This afternoon, my book club met at my house. The book for this month was Joe Biden’s Promises to Keep. I don’t usually read autobiographies, but I enjoyed Biden’s and I liked learning more about someone who could eventually be vice-president. It was a cold and rainy Sunday, and I wanted to make a meal that was simple and warm, and used the vegetables I had from my weekly produce box. (Actually, at first I thought it might be fun to make book-themed food, but it turns out Joe Biden’s favorite meal is pasta, and his favorite dessert is oatmeal-raisin cookies, so that didn’t really fit with what I wanted to serve).

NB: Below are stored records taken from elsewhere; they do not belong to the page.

definition zariski_irreducible :: "'v set \<Rightarrow> ('v \<Rightarrow> complex) set \<Rightarrow> bool" where
  "zariski_irreducible V Z \<longleftrightarrow> zariski_closed V Z \<and> Z \<noteq> {} \<and>
     (\<forall>S1 S2. zariski_closed V S1 \<and> zariski_closed V S2 \<and> Z = S1 \<union> S2 \<longrightarrow> Z = S1 \<or> Z = S2)"

definition zariski_dim :: "'v set \<Rightarrow> ('v \<Rightarrow> complex) set \<Rightarrow> enat" where
  "zariski_dim V X = Sup {enat d | d. \<exists>Z :: nat \<Rightarrow> ('v \<Rightarrow> complex) set.
      (\<forall>i\<le>d. zariski_irreducible V (Z i) \<and> Z i \<subseteq> X) \<and> (\<forall>i<d. Z i \<subset> Z (Suc i))}"

text \<open>Basis index set of (C^2)^{\<otimes>n}: bit strings phi, phi i for i < n, False beyond n.
  Endomorphisms are 2^n x 2^n matrices, points of the affine space with coordinates
  bits n \<times> bits n.\<close>

definition bits :: "nat \<Rightarrow> (nat \<Rightarrow> bool) set" where
  "bits n = {\<phi>. \<forall>i\<ge>n. \<not> \<phi> i}"

definition parity :: "nat \<Rightarrow> (nat \<Rightarrow> bool) \<Rightarrow> bool" where
  "parity n \<phi> = even (card {i. i < n \<and> \<phi> i})"

text \<open>b i a c = c-th standard coordinate of the basis vector e^i_a of V_i = C^2.\<close>

definition is_basis_family :: "nat \<Rightarrow> (nat \<Rightarrow> bool \<Rightarrow> bool \<Rightarrow> complex) \<Rightarrow> bool" where
  "is_basis_family n b \<longleftrightarrow>
     (\<forall>i<n. b i False False * b i True True - b i False True * b i True False \<noteq> 0)"

text \<open>The tensor basis vector e^1_{phi 1} \<otimes> ... \<otimes> e^n_{phi n}.\<close>

definition tensor_vec :: "nat \<Rightarrow> (nat \<Rightarrow> bool \<Rightarrow> bool \<Rightarrow> complex) \<Rightarrow> (nat \<Rightarrow> bool)
    \<Rightarrow> (nat \<Rightarrow> bool) \<Rightarrow> complex" where
  "tensor_vec n b \<phi> = (\<lambda>\<chi>. if \<chi> \<in> bits n then (\<Prod>i<n. b i (\<phi> i) (\<chi> i)) else 0)"

definition mat_apply :: "nat \<Rightarrow> ((nat \<Rightarrow> bool) \<times> (nat \<Rightarrow> bool) \<Rightarrow> complex)
    \<Rightarrow> ((nat \<Rightarrow> bool) \<Rightarrow> complex) \<Rightarrow> (nat \<Rightarrow> bool) \<Rightarrow> complex" where
  "mat_apply n \<rho> v = (\<lambda>\<chi>. if \<chi> \<in> bits n then (\<Sum>\<psi>\<in>bits n. \<rho> (\<chi>, \<psi>) * v \<psi>) else 0)"

definition parity_span :: "nat \<Rightarrow> (nat \<Rightarrow> bool \<Rightarrow> bool \<Rightarrow> complex) \<Rightarrow> bool
    \<Rightarrow> ((nat \<Rightarrow> bool) \<Rightarrow> complex) set" where
  "parity_span n b p = {v. \<exists>c. v = (\<lambda>\<chi>. \<Sum>\<psi>\<in>{\<psi>\<in>bits n. parity n \<psi> = p}. c \<psi> * tensor_vec n b \<psi> \<chi>)}"

definition trace_one_space :: "nat \<Rightarrow> ((nat \<Rightarrow> bool) \<times> (nat \<Rightarrow> bool) \<Rightarrow> complex) set" where
  "trace_one_space n = {\<rho> \<in> aspace (bits n \<times> bits n). (\<Sum>\<phi>\<in>bits n. \<rho> (\<phi>, \<phi>)) = 1}"

definition x_states :: "nat \<Rightarrow> ((nat \<Rightarrow> bool) \<times> (nat \<Rightarrow> bool) \<Rightarrow> complex) set" where
  "x_states n = {\<rho> \<in> trace_one_space n. \<exists>b. is_basis_family n b \<and>
      (\<forall>p. \<forall>v\<in>parity_span n b p. mat_apply n \<rho> v \<in> parity_span n b p)}"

Last night, I set some dough for No Knead Bread, using a combination of white and white-whole-wheat flour. This afternoon, I took half of the dough out of the refrigerator, formed it in my baguette pans and let it re-rise. I used a bit too much dough and the baguettes overflowed their chambers a little, but they came out quite tasty.  I I found a sweet potato soup in Robin Robertson’s Fresh from the Vegetarian Slow Cooker, and I had nearly all of the ingredients from my box; I only had to buy fresh ginger. I made a salad with greens, olive oil, salt and pepper and some sliced oranges and their juice. For dessert, I used some plums that I had sliced and frozen right before our trip to Hawaii, and I made a cobbler. The cobbler turned out especially well, so I thought I’d share the recipe. The topping was adapted from a recipe for Pear, Cranberry and Vanilla Crumble from Regan Daley’s In The Sweet Kitchen: The Definitive Baker’s Companion.

Plum Cobbler

Filling

5-6 cups sliced ripe plums

1/4 c. flour

1 orange supremed and chopped

Zest of 1 orange

Topping

3/4 c. flour

3/4 c. sugar

3/4 c. margarine

3/4 c. rolled oats.

Combine filling ingredients in an 8×8 glass dish. In a medium bowl, mix flour and sugar and cut in margarine. Add oats and combine. Sprinkle topping over the filling. Bake at 350 until topping is brown and crisp.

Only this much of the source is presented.